:: Records shown ::

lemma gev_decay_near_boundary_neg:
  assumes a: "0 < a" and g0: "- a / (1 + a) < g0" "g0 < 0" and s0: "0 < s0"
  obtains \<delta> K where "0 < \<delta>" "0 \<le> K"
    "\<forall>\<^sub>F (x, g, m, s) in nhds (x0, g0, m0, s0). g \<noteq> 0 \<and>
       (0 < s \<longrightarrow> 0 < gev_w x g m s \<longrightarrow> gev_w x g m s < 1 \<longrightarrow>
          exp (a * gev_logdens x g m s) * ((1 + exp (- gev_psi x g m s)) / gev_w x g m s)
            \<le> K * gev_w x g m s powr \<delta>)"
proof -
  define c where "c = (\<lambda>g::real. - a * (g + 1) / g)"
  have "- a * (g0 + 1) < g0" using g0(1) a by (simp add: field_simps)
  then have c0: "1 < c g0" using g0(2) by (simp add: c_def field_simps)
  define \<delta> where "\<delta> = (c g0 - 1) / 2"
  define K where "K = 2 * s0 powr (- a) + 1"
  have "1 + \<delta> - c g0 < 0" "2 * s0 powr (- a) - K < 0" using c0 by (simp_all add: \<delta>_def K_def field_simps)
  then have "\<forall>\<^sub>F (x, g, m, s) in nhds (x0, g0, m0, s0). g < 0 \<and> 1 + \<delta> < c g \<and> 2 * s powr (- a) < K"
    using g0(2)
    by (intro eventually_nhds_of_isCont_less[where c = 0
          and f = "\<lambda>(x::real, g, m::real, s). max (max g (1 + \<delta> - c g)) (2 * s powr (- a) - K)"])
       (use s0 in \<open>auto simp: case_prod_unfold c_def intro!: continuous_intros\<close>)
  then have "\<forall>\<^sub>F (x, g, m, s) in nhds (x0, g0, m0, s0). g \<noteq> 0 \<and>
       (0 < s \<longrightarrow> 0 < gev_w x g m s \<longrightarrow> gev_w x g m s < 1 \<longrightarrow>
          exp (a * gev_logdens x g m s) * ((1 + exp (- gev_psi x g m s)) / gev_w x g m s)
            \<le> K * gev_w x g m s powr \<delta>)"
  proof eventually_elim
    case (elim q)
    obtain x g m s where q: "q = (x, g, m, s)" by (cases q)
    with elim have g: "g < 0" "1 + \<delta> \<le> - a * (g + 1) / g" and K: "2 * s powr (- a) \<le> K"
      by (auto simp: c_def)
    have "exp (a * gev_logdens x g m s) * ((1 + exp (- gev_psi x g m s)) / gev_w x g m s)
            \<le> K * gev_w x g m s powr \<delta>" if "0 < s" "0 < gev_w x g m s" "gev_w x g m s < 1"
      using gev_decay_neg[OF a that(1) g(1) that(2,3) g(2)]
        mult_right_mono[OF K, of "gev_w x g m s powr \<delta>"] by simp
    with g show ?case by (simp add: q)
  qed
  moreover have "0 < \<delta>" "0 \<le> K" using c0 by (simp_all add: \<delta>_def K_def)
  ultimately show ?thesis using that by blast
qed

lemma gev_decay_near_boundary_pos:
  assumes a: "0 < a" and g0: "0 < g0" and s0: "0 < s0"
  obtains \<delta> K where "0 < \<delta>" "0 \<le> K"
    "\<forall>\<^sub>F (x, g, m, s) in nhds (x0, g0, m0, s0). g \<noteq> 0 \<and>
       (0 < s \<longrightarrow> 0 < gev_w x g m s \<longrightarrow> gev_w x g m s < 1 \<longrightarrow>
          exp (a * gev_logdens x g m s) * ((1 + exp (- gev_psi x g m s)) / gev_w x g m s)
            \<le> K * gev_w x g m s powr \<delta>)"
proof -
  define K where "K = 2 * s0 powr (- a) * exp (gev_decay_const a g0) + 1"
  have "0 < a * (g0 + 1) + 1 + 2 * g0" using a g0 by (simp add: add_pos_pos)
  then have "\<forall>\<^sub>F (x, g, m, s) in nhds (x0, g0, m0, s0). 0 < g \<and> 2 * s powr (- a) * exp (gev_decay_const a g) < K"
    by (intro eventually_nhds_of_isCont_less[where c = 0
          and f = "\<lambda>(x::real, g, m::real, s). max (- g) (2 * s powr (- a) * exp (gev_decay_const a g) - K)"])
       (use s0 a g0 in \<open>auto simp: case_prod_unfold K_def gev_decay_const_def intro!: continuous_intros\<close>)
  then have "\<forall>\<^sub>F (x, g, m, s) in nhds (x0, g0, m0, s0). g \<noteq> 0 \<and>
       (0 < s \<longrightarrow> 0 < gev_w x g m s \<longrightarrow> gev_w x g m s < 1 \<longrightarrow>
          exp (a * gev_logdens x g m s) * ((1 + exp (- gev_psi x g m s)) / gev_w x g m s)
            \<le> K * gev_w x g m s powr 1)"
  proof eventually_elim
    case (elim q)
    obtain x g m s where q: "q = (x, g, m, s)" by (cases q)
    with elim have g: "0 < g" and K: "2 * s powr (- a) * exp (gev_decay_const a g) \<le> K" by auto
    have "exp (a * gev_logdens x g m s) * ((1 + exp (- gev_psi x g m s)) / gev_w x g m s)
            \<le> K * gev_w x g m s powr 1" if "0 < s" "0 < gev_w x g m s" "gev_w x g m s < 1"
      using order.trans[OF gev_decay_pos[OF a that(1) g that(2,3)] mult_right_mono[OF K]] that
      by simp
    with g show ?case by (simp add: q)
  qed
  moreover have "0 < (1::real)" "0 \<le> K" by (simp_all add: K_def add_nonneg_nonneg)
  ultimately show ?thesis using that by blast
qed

:::
:: Records shown ::

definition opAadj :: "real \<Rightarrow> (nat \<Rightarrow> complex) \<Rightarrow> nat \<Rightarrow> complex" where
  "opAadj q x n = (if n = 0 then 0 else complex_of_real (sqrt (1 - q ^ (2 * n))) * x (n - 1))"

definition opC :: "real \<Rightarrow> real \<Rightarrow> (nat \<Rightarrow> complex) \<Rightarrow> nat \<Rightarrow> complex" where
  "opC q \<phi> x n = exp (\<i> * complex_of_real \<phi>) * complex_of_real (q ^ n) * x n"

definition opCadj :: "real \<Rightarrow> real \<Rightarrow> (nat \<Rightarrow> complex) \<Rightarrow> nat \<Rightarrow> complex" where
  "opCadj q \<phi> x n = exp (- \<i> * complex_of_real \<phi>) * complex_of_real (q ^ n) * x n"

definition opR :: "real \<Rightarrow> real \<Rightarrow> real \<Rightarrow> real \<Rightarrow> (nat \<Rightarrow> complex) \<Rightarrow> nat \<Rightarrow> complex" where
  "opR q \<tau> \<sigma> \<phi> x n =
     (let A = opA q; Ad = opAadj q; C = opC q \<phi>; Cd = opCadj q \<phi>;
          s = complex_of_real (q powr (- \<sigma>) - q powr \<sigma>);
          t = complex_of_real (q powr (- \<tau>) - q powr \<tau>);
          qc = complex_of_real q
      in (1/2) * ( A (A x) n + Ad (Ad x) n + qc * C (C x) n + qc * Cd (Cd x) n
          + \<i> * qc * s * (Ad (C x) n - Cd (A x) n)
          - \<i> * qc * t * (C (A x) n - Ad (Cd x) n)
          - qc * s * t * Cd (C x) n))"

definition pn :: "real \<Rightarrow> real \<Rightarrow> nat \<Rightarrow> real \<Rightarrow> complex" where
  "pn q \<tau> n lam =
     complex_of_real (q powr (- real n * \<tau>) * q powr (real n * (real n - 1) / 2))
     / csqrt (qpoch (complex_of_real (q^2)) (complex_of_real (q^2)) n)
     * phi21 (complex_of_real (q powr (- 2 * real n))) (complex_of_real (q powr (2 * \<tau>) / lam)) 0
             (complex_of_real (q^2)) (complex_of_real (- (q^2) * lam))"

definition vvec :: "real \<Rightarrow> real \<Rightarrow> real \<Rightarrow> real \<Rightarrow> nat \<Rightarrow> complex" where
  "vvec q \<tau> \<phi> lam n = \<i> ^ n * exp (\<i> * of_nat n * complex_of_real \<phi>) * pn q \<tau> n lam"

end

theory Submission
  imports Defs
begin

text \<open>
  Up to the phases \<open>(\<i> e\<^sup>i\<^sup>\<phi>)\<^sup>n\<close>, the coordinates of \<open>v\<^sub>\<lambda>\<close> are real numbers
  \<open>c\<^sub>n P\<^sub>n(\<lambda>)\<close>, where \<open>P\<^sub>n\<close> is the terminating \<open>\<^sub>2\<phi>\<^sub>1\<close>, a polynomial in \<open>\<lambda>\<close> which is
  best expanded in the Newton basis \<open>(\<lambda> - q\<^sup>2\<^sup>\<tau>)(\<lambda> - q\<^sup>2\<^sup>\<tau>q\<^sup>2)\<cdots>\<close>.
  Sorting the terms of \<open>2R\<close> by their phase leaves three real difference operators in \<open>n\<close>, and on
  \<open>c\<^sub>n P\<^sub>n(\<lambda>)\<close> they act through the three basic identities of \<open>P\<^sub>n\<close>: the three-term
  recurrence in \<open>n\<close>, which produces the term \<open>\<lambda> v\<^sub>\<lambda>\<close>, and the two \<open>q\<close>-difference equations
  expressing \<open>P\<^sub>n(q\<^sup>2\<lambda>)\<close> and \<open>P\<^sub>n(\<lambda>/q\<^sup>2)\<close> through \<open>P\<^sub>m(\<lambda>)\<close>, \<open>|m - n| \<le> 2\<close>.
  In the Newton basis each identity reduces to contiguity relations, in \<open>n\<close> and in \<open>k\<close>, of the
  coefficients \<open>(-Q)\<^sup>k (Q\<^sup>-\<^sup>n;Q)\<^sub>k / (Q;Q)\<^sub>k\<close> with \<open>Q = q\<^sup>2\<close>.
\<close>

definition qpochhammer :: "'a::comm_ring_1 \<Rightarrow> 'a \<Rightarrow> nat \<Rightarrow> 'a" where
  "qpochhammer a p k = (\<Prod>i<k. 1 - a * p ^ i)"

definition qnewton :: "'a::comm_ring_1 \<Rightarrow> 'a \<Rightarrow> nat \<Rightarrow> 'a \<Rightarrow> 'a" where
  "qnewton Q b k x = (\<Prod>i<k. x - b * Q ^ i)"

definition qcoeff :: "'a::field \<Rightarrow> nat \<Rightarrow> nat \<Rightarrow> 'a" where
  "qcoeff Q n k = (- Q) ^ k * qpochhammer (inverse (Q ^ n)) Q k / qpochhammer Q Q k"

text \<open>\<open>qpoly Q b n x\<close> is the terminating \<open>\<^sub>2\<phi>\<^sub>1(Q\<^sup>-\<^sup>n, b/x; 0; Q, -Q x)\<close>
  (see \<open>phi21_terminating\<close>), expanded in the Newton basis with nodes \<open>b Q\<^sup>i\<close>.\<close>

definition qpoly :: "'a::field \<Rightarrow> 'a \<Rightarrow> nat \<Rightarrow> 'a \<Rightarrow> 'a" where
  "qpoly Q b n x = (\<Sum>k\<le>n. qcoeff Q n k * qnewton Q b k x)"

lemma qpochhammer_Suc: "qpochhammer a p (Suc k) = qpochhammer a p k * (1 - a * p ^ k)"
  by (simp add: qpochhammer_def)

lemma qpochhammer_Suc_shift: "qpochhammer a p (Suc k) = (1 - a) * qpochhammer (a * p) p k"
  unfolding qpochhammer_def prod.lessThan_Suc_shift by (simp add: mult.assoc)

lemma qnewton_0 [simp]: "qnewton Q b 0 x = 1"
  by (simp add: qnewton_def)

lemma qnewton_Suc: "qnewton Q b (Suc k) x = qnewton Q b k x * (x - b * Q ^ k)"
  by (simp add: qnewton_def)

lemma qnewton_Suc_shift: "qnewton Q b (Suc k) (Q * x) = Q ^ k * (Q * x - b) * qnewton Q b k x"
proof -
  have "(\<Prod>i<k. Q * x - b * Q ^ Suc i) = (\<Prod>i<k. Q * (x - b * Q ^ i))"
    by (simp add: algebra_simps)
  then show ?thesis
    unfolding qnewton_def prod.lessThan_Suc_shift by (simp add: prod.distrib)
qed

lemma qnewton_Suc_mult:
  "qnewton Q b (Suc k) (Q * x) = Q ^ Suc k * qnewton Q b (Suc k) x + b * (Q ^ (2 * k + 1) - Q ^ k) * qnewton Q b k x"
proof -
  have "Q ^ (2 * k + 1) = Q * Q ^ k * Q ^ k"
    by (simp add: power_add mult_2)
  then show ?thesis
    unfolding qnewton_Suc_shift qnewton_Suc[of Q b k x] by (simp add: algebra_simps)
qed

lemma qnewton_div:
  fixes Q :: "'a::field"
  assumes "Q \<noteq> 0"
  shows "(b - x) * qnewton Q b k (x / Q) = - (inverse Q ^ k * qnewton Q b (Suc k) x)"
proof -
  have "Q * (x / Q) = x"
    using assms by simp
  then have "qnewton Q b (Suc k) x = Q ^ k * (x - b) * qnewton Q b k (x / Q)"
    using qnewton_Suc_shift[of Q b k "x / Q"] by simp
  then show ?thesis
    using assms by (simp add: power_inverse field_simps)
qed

:::

**About this exercise**
Copy out only the lines above from the one with "by (simp add: power_add mult_2)" to the one with "(x - b) * qnewton", inclusive, exactly as they stand.

**Reply**
    by (simp add: power_add mult_2)
  then show ?thesis
    unfolding qnewton_Suc_shift qnewton_Suc[of Q b k x] by (simp add: algebra_simps)
qed

lemma qnewton_div:
  fixes Q :: "'a::field"
  assumes "Q \<noteq> 0"
  shows "(b - x) * qnewton Q b k (x / Q) = - (inverse Q ^ k * qnewton Q b (Suc k) x)"
proof -
  have "Q * (x / Q) = x"
    using assms by simp
  then have "qnewton Q b (Suc k) x = Q ^ k * (x - b) * qnewton Q b k (x / Q)"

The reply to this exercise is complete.